[[ Material provided open ]]
lemma Pd_beta_max_sigma:
  assumes "transpose Q = Q" and "0 < \<beta>" and max: "is_max_on (Pd_beta Q c v Vc \<beta>) (Sa_plus Q) (s, t)"
  defines "z \<equiv> zdual Q c v (s, t)"
  shows "s = \<beta> *\<^sub>R (csq z - z)"
proof -
  have pd: "pos_def (Gm Q s)" and "0 < t"
    using max by (auto simp: is_max_on_def Sa_plus_def)
  obtain \<mu> where \<mu>: "0 < \<mu>" "\<And>w. \<mu> * (norm w)^2 \<le> w \<bullet> (Gm Q s *v w)"
    using pos_def_coercive[OF pd] by blast
  have "(csq z - z) $ i - inverse \<beta> * s $ i = 0" for i
  proof (rule zero_if_le_quadratic[of "\<mu> / 4" "inverse \<beta> / 2 + (2 * z $ i - 1)^2 / \<mu>"])
    fix h :: real assume h: "\<bar>h\<bar> < \<mu> / 4"
    let ?s' = "s + h *\<^sub>R axis i 1"
    have "Gm Q ?s' *v z - psi c v (?s', t) = (h * (2 * z $ i - 1)) *\<^sub>R axis i 1"
      using Gm_zdual[of Q "(s, t)" c v] pd
      by (simp add: Gm_add_axis_mult_vector z_def psi_def algebra_simps)
    then have "(norm (Gm Q ?s' *v z - psi c v (?s', t)))^2 = h^2 * (2 * z $ i - 1)^2"
      by (simp add: power_mult_distrib)
    then show "h * ((csq z - z) $ i - inverse \<beta> * s $ i) \<le> (inverse \<beta> / 2 + (2 * z $ i - 1)^2 / \<mu>) * h^2"
      using Pd_beta_max_perturbation[OF assms(1) max, of "\<mu> / 2" ?s' t] Gm_add_axis_coercive[OF \<mu>(2) h]
        \<mu>(1) \<open>0 < t\<close>
      by (simp add: Xi_add_axis z_def algebra_simps)
  qed (use \<mu>(1) assms(2) in auto)
  then show ?thesis
    using assms(2) by (simp add: vec_eq_iff field_simps)
qed

lemma Pd_beta_max_saddle:
  assumes "transpose Q = Q" and "0 < \<beta>" and max: "is_max_on (Pd_beta Q c v Vc \<beta>) (Sa_plus Q) \<zeta>"
  defines "z \<equiv> zdual Q c v \<zeta>"
  shows "fst \<zeta> = \<beta> *\<^sub>R (csq z - z)"
    and "Pbeta Q c \<beta> z = Xi Q c v Vc \<beta> z \<zeta>"
    and "Pd_beta Q c v Vc \<beta> \<zeta> = Xi Q c v Vc \<beta> z \<zeta>"
    and "is_min_on (Pbeta Q c \<beta>) (Zb v Vc) z"
proof -
  obtain s t where \<zeta>: "\<zeta> = (s, t)" by fastforce
  have pd: "pos_def (Gm Q s)" and "0 < t"
    using max by (auto simp: \<zeta> is_max_on_def Sa_plus_def)
  show \<sigma>: "fst \<zeta> = \<beta> *\<^sub>R (csq z - z)"
    using Pd_beta_max_sigma[OF assms(1,2)] max by (simp add: \<zeta> z_def)
  have active: "v \<bullet> z = Vc"
    using Pd_beta_max_active_constraint[OF assms(1)] max by (simp add: \<zeta> z_def)
  show Pbeta_Xi: "Pbeta Q c \<beta> z = Xi Q c v Vc \<beta> z \<zeta>"
    by (rule Pbeta_eq_Xi[OF assms(2) \<sigma> active])
  show Pd_Xi: "Pd_beta Q c v Vc \<beta> \<zeta> = Xi Q c v Vc \<beta> z \<zeta>"
    using Pd_beta_eq_Xi_zdual[of Q \<zeta>] pd by (simp add: \<zeta> z_def)
  show "is_min_on (Pbeta Q c \<beta>) (Zb v Vc) z"
    unfolding is_min_on_def
  proof (intro conjI ballI)
    show "z \<in> Zb v Vc" using active by (simp add: Zb_def)
    fix y assume "y \<in> Zb v Vc"
    have "Pbeta Q c \<beta> z = Pd_beta Q c v Vc \<beta> \<zeta>" using Pbeta_Xi Pd_Xi by simp
    also have "\<dots> \<le> Xi Q c v Vc \<beta> y \<zeta>" using Pd_beta_le_Xi[OF assms(1)] pd by (simp add: \<zeta>)
    also have "\<dots> \<le> Pbeta Q c \<beta> y" using Xi_le_Pbeta[OF assms(2), of "(s, t)" y] \<open>0 < t\<close> \<open>y \<in> Zb v Vc\<close>
      by (simp add: \<zeta>)
    finally show "Pbeta Q c \<beta> z \<le> Pbeta Q c \<beta> y" .
  qed
qed

lemma is_min_on_INF: "is_min_on f S x \<Longrightarrow> (INF y\<in>S. f y) = f x"
  unfolding is_min_on_def by (intro cInf_eq_minimum) auto

lemma is_max_on_SUP: "is_max_on f S x \<Longrightarrow> (SUP y\<in>S. f y) = f x"
  unfolding is_max_on_def by (intro cSup_eq_maximum) auto

lemma is_min_on_subset: "is_min_on f S x \<Longrightarrow> x \<in> T \<Longrightarrow> T \<subseteq> S \<Longrightarrow> is_min_on f T x"
  unfolding is_min_on_def by blast

lemma is_min_on_cong: "(\<And>y. y \<in> S \<Longrightarrow> f y = g y) \<Longrightarrow> is_min_on f S x \<longleftrightarrow> is_min_on g S x"
  unfolding is_min_on_def by auto

lemma Za_subset_Zb: "Za v Vc \<subseteq> Zb v Vc"
  unfolding Za_def Zb_def by auto

lemma csq_eq_self_Za: "z \<in> Za v Vc \<Longrightarrow> csq z = z"
  unfolding Za_def csq_def by (auto simp: vec_eq_iff power2_eq_square)

lemma Pbeta_eq_Pq_Za: "z \<in> Za v Vc \<Longrightarrow> Pbeta Q c \<beta> z = Pq Q c z"
  by (simp add: Pbeta_def csq_eq_self_Za)

lemma Pd_beta_eq_Pd_q: "fst \<zeta> = 0 \<Longrightarrow> Pd_beta Q c v Vc \<beta> \<zeta> = Pd_q Q c v Vc \<zeta>"
  by (simp add: Pd_beta_def Pd_q_def)

lemma Pd_beta_max_binary_strong_duality:
  assumes "transpose Q = Q" and "0 < \<beta>" and max: "is_max_on (Pd_beta Q c v Vc \<beta>) (Sa_plus Q) \<zeta>"
    and Za: "zdual Q c v \<zeta> \<in> Za v Vc"
  defines "z \<equiv> zdual Q c v \<zeta>"
  shows "is_min_on (Pq Q c) (Za v Vc) z
    \<and> Pq Q c z = (INF y\<in>Zb v Vc. Pbeta Q c \<beta> y)
    \<and> (INF y\<in>Zb v Vc. Pbeta Q c \<beta> y) = Xi Q c v Vc \<beta> z \<zeta>
    \<and> Xi Q c v Vc \<beta> z \<zeta> = (SUP \<xi>\<in>Sa_plus Q. Pd_beta Q c v Vc \<beta> \<xi>)
    \<and> (SUP \<xi>\<in>Sa_plus Q. Pd_beta Q c v Vc \<beta> \<xi>) = Pd_q Q c v Vc \<zeta>"
proof -
  note saddle = Pd_beta_max_saddle[OF assms(1,2) max, folded z_def]
  have "fst \<zeta> = 0"
    using saddle(1) Za by (simp add: z_def csq_eq_self_Za)
  moreover have "is_min_on (Pq Q c) (Za v Vc) z"
    using is_min_on_subset[OF saddle(4) Za[folded z_def] Za_subset_Zb]
      is_min_on_cong[of "Za v Vc" "Pbeta Q c \<beta>" "Pq Q c"] Pbeta_eq_Pq_Za by blast
  ultimately show ?thesis
    using saddle Za is_min_on_INF[OF saddle(4)] is_max_on_SUP[OF max]
    by (simp add: z_def Pbeta_eq_Pq_Za Pd_beta_eq_Pd_q)
qed

theorem theorem2:
  fixes Q :: "real^'n^'n" and c v :: "real^'n" and Vc :: real
  assumes symQ: "transpose Q = Q"
    and v_nonneg: "\<forall>i. 0 \<le> v $ i"
    and Vc_pos: "Vc > 0"
  shows "(\<forall>\<beta> \<zeta>. \<beta> > 0 \<longrightarrow> is_max_on (Pd_beta Q c v Vc \<beta>) (Sa_plus Q) \<zeta> \<longrightarrow>
            is_min_on (Pbeta Q c \<beta>) (Zb v Vc) (zdual Q c v \<zeta>))
       \<and> (\<exists>\<beta>c>0. \<forall>\<beta> \<zeta>. \<beta> \<ge> \<beta>c \<longrightarrow> is_max_on (Pd_beta Q c v Vc \<beta>) (Sa_plus Q) \<zeta> \<longrightarrow>
            zdual Q c v \<zeta> \<in> Za v Vc \<longrightarrow>
              is_min_on (Pq Q c) (Za v Vc) (zdual Q c v \<zeta>)
            \<and> Pq Q c (zdual Q c v \<zeta>) = (INF z\<in>Zb v Vc. Pbeta Q c \<beta> z)
            \<and> (INF z\<in>Zb v Vc. Pbeta Q c \<beta> z) = Xi Q c v Vc \<beta> (zdual Q c v \<zeta>) \<zeta>
            \<and> Xi Q c v Vc \<beta> (zdual Q c v \<zeta>) \<zeta> = (SUP \<xi>\<in>Sa_plus Q. Pd_beta Q c v Vc \<beta> \<xi>)
            \<and> (SUP \<xi>\<in>Sa_plus Q. Pd_beta Q c v Vc \<beta> \<xi>) = Pd_q Q c v Vc \<zeta>)"
  using Pd_beta_max_saddle(4)[OF symQ] Pd_beta_max_binary_strong_duality[OF symQ]
  by (intro conjI allI impI exI[of _ "1::real"]) (auto dest: order.strict_trans2[OF zero_less_one])

end
lemma divide_one_minus_inverse:
  fixes x v w :: "'a::field"
  assumes "x \<noteq> 0" "x \<noteq> 1" "w \<noteq> 0"
  shows "v / (1 - 1 / x) / ((1 - x) * w) = - x * (v / w) / (1 - x)\<^sup>2"
proof -
  define d where "d = 1 - x"
  have d: "d \<noteq> 0" and inverse: "1 - 1 / x = - d / x"
    using assms by (auto simp: d_def field_simps)
  show ?thesis
    unfolding d_def[symmetric] inverse using assms d by (simp add: field_simps power2_eq_square)
qed

lemma divide_one_minus_sq_inverse:
  fixes y :: "'a::field"
  assumes "y \<noteq> 0"
  shows "1 / y / (1 - 1 / y)\<^sup>2 = y / (1 - y)\<^sup>2"
proof -
  have "1 - 1 / y = (y - 1) / y"
    using assms by (simp add: field_simps)
  then have "(1 - 1 / y)\<^sup>2 = (1 - y)\<^sup>2 / y\<^sup>2"
    by (simp add: power_divide power2_commute)
  then show ?thesis
    using assms by (simp add: power2_eq_square)
qed

lemma prod_odd_powers: "(\<Prod>k<n. x * (x\<^sup>2) ^ k) = (x::'a::comm_monoid_mult) ^ (n * n)"
proof (induction n)
  case (Suc n)
  have "Suc n * Suc n = n * n + (2 * n + 1)" by simp
  then have "x ^ (Suc n * Suc n) = x ^ (n * n) * (x * (x\<^sup>2) ^ n)"
    by (simp add: power_add power_mult power2_eq_square power_mult_distrib mult_ac)
  then show ?case using Suc by simp
qed simp

lemma prod_even_powers: "(\<Prod>k<n. x\<^sup>2 * (x\<^sup>2) ^ k) = (x::'a::comm_monoid_mult) ^ (n * (n + 1))"
proof (induction n)
  case (Suc n)
  have "Suc n * (Suc n + 1) = n * (n + 1) + 2 * (n + 1)" by simp
  then have "x ^ (Suc n * (Suc n + 1)) = x ^ (n * (n + 1)) * (x\<^sup>2 * (x\<^sup>2) ^ n)"
    by (simp add: power_add power_mult power2_eq_square power_mult_distrib mult_ac)
  then show ?case using Suc by simp
qed simp

section \<open>Partial fractions\<close>

lemma partial_fraction_step:
  fixes y a u b c :: "'a::field"
  assumes "a \<noteq> 0" "u \<noteq> 0" "a \<noteq> u" "1 - y * a \<noteq> 0" "1 - y * u \<noteq> 0"
  shows "c / (1 - y * u) * ((1 - y * b) / (1 - y * a))
       = c * (1 - b / u) / (1 - a / u) / (1 - y * u) + (1 - b / a) / (1 - y * a) * (c / (1 - u / a))"
proof -
  have ua: "u - a \<noteq> 0"
    using assms by simp
  have quotients: "1 - a / u = (u - a) / u" "1 - u / a = - (u - a) / a" "1 - b / u = (u - b) / u" "1 - b / a = (a - b) / a"
    using assms by (auto simp: field_simps)
  have "c * (1 - b / u) / (1 - a / u) / (1 - y * u) + (1 - b / a) / (1 - y * a) * (c / (1 - u / a))
      = c / (u - a) * ((u - b) / (1 - y * u) - (a - b) / (1 - y * a))"
    unfolding quotients using assms ua by (simp add: divide_simps) (simp add: algebra_simps)
  also have "(u - b) / (1 - y * u) - (a - b) / (1 - y * a) = (u - a) * (1 - y * b) / ((1 - y * u) * (1 - y * a))"
    using assms by (simp add: diff_frac_eq) (simp add: algebra_simps)
  finally show ?thesis
    using ua by simp
qed

definition partial_fraction_coeff :: "('i \<Rightarrow> 'a::field) \<Rightarrow> ('i \<Rightarrow> 'a) \<Rightarrow> 'i set \<Rightarrow> 'i set \<Rightarrow> 'i \<Rightarrow> 'a" where
  "partial_fraction_coeff \<alpha> \<beta> S T s = (\<Prod>t\<in>T. 1 - \<beta> t / \<alpha> s) / (\<Prod>s'\<in>S - {s}. 1 - \<alpha> s' / \<alpha> s)"

lemma partial_fraction_coeff_insert:
  assumes "finite S" "finite T" "a \<notin> S" "b \<notin> T" "s \<in> S"
  shows "partial_fraction_coeff \<alpha> \<beta> (insert a S) (insert b T) s
         = partial_fraction_coeff \<alpha> \<beta> S T s * (1 - \<beta> b / \<alpha> s) / (1 - \<alpha> a / \<alpha> s)"
proof -
  have "insert a S - {s} = insert a (S - {s})"
    using assms by auto
  then show ?thesis
    using assms by (simp add: partial_fraction_coeff_def ac_simps)
qed

lemma partial_fraction_coeff_insert_new:
  assumes "finite S" "finite T" "a \<notin> S" "b \<notin> T"
  shows "partial_fraction_coeff \<alpha> \<beta> (insert a S) (insert b T) a
         = (1 - \<beta> b / \<alpha> a) * ((\<Prod>t\<in>T. 1 - 1 / \<alpha> a * \<beta> t) / (\<Prod>s\<in>S. 1 - 1 / \<alpha> a * \<alpha> s))"
proof -
  have "insert a S - {a} = S"
    using assms by auto
  then show ?thesis
    using assms by (simp add: partial_fraction_coeff_def mult.commute)
qed

lemma partial_fractions:
  fixes \<alpha> \<beta> :: "'i \<Rightarrow> 'a::field"
  assumes "finite S" "finite T" "card S = Suc (card T)" "inj_on \<alpha> S"
    "\<forall>s\<in>S. \<alpha> s \<noteq> 0" "\<forall>s\<in>S. 1 - y * \<alpha> s \<noteq> 0"
  shows "(\<Prod>t\<in>T. 1 - y * \<beta> t) / (\<Prod>s\<in>S. 1 - y * \<alpha> s)
         = (\<Sum>s\<in>S. partial_fraction_coeff \<alpha> \<beta> S T s / (1 - y * \<alpha> s))"
  using assms
proof (induction S arbitrary: T y rule: finite_induct)
  case empty
  then show ?case by simp
next
  case (insert a S)
  show ?case
  proof (cases "S = {}")
    case True
    with insert have "T = {}" by simp
    with True show ?thesis by (simp add: partial_fraction_coeff_def)
  next
    case False
    with insert have "T \<noteq> {}" by auto
    then obtain b where "b \<in> T"
      by blast
    define T' where "T' = T - {b}"
    have T: "T = insert b T'" "b \<notin> T'"
      using \<open>b \<in> T\<close> by (auto simp: T'_def)
    have "finite T'"
      using insert.prems(1) by (simp add: T'_def)
    moreover have "card S = Suc (card T')"
      using insert.prems(2) insert.hyps(1,2) T calculation by simp
    ultimately have T': "finite T'" "card S = Suc (card T')" .
    have inj: "inj_on \<alpha> S" and distinct: "\<forall>s\<in>S. \<alpha> s \<noteq> \<alpha> a"
      using insert.prems(3) insert.hyps(2) by (auto simp: inj_on_def)
    have nonzero: "\<forall>s\<in>S. \<alpha> s \<noteq> 0" "\<alpha> a \<noteq> 0"
      and poles: "\<forall>s\<in>S. 1 - y * \<alpha> s \<noteq> 0" "1 - y * \<alpha> a \<noteq> 0"
      using insert.prems(4,5) by auto
    note IH = insert.IH[OF T' inj nonzero(1)]
    let ?c = "partial_fraction_coeff \<alpha> \<beta> S T'"
    have new_pole: "\<forall>s\<in>S. 1 - 1 / \<alpha> a * \<alpha> s \<noteq> 0"
      using distinct nonzero(2) by (auto simp: field_simps)
    have at_new_pole: "(\<Sum>s\<in>S. ?c s / (1 - \<alpha> s / \<alpha> a))
        = (\<Prod>t\<in>T'. 1 - 1 / \<alpha> a * \<beta> t) / (\<Prod>s\<in>S. 1 - 1 / \<alpha> a * \<alpha> s)"
      using IH[OF new_pole] by simp
    have "(\<Prod>t\<in>T. 1 - y * \<beta> t) / (\<Prod>s\<in>insert a S. 1 - y * \<alpha> s)
        = (\<Prod>t\<in>T'. 1 - y * \<beta> t) / (\<Prod>s\<in>S. 1 - y * \<alpha> s) * ((1 - y * \<beta> b) / (1 - y * \<alpha> a))"
      using T T' insert.hyps by (simp add: mult.commute)
    also have "\<dots> = (\<Sum>s\<in>S. ?c s / (1 - y * \<alpha> s) * ((1 - y * \<beta> b) / (1 - y * \<alpha> a)))"
      by (simp only: IH[OF poles(1)] sum_distrib_right)
    also have "\<dots> = (\<Sum>s\<in>S. ?c s * (1 - \<beta> b / \<alpha> s) / (1 - \<alpha> a / \<alpha> s) / (1 - y * \<alpha> s)
                   + (1 - \<beta> b / \<alpha> a) / (1 - y * \<alpha> a) * (?c s / (1 - \<alpha> s / \<alpha> a)))"
      using nonzero distinct poles by (intro sum.cong refl partial_fraction_step) auto
    also have "\<dots> = (\<Sum>s\<in>S. ?c s * (1 - \<beta> b / \<alpha> s) / (1 - \<alpha> a / \<alpha> s) / (1 - y * \<alpha> s))
                   + (1 - \<beta> b / \<alpha> a) / (1 - y * \<alpha> a)
                     * ((\<Prod>t\<in>T'. 1 - 1 / \<alpha> a * \<beta> t) / (\<Prod>s\<in>S. 1 - 1 / \<alpha> a * \<alpha> s))"
      by (simp only: sum.distrib sum_distrib_left[symmetric] at_new_pole)
    also have "\<dots> = (\<Sum>s\<in>insert a S. partial_fraction_coeff \<alpha> \<beta> (insert a S) T s / (1 - y * \<alpha> s))"
      using T T' insert.hyps
      by (simp add: partial_fraction_coeff_insert partial_fraction_coeff_insert_new add.commute)
    finally show ?thesis .
  qed
qed

section \<open>The finite identity\<close>

lemma power_int_odd_nat: "x powi (2 * int k + 1) = (x::'a::division_ring) * (x\<^sup>2) ^ k"
proof -
  have "2 * int k + 1 = int (Suc (2 * k))" by simp
  then show ?thesis by (simp only: power_int_of_nat power_Suc power_mult)
qed

lemma power_int_odd_neg: "x powi (2 * (- int k - 1) + 1) = 1 / ((x::'a::field) * (x\<^sup>2) ^ k)"
proof -
  have "2 * (- int k - 1) + 1 = - (2 * int k + 1)" by simp
  then show ?thesis by (simp only: power_int_minus_divide power_int_odd_nat)
qed

lemma power_int_even_Suc: "x powi (2 * (int k + 1)) = (x::'a::division_ring)\<^sup>2 * (x\<^sup>2) ^ k"
proof -
  have "2 * (int k + 1) = int (2 * Suc k)" by simp
  then show ?thesis by (simp only: power_int_of_nat power_mult power_Suc)
qed

lemma power_int_even_neg: "x powi (2 * (- int k - 1)) = 1 / ((x::'a::field)\<^sup>2 * (x\<^sup>2) ^ k)"
proof -
  have "2 * (- int k - 1) = - (2 * (int k + 1))" by simp
  then show ?thesis by (simp only: power_int_minus_divide power_int_even_Suc)
qed

lemma inj_power_int:
  fixes a :: "'a::linordered_field"
  assumes "0 < a" "a < 1"
  shows "inj (power_int a)"
proof (rule injI)
  fix m n :: int
  assume "a powi m = a powi n"
  then show "m = n"
    using power_int_strict_decreasing[OF _ assms, of m n]
      power_int_strict_decreasing[OF _ assms, of n m]
    by (cases m n rule: linorder_cases) auto
qed

text \<open>The coefficient c_m of the partial fraction expansion above, evaluated at y = q.\<close>

definition pole_coeff :: "real \<Rightarrow> nat \<Rightarrow> int \<Rightarrow> real" where
  "pole_coeff q N m =
     (\<Prod>k\<in>{- int N..<int N} - {-1}. 1 - q powi (2 * k + 1) / q powi (2 * m)) /
     ((1 - q * q powi (2 * m)) * (\<Prod>k\<in>{- int N..<int N} - {m}. 1 - q powi (2 * k) / q powi (2 * m)))"

definition pf_term_nonneg :: "real \<Rightarrow> nat \<Rightarrow> nat \<Rightarrow> real" where
  "pf_term_nonneg q N k = q ^ (3 * k + 1) / (1 - q ^ (2 * k + 1))\<^sup>2 *
     (qpoch q (q\<^sup>2) (N + k) * qpoch q (q\<^sup>2) (N - k) /
      (qpoch (q\<^sup>2) (q\<^sup>2) (N + k) * qpoch (q\<^sup>2) (q\<^sup>2) (N - k - 1)))"

definition pf_term_neg :: "real \<Rightarrow> nat \<Rightarrow> nat \<Rightarrow> real" where
  "pf_term_neg q N k = q ^ k / (1 - q ^ (2 * k + 1))\<^sup>2 *
     (qpoch q (q\<^sup>2) (N - k - 1) * qpoch q (q\<^sup>2) (N + k + 1) /
      (qpoch (q\<^sup>2) (q\<^sup>2) (N - k - 1) * qpoch (q\<^sup>2) (q\<^sup>2) (N + k)))"

context
  fixes q :: real
  assumes q: "0 < q" "q < 1"
begin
[[ Material provided closed ]]
- Work instructions:
Transcribe each line of the data above, unaltered, from the one where "unfolding is_min_on_def by blast" appears to the one where "unfolding Za_def Zb_def by auto" appears, inclusive of both.

- Result for this task:
  unfolding is_min_on_def by blast

lemma is_min_on_cong: "(\<And>y. y \<in> S \<Longrightarrow> f y = g y) \<Longrightarrow> is_min_on f S x \<longleftrightarrow> is_min_on g S x"
  unfolding is_min_on_def by auto

lemma Za_subset_Zb: "Za v Vc \<subseteq> Zb v Vc"
  unfolding Za_def Zb_def by auto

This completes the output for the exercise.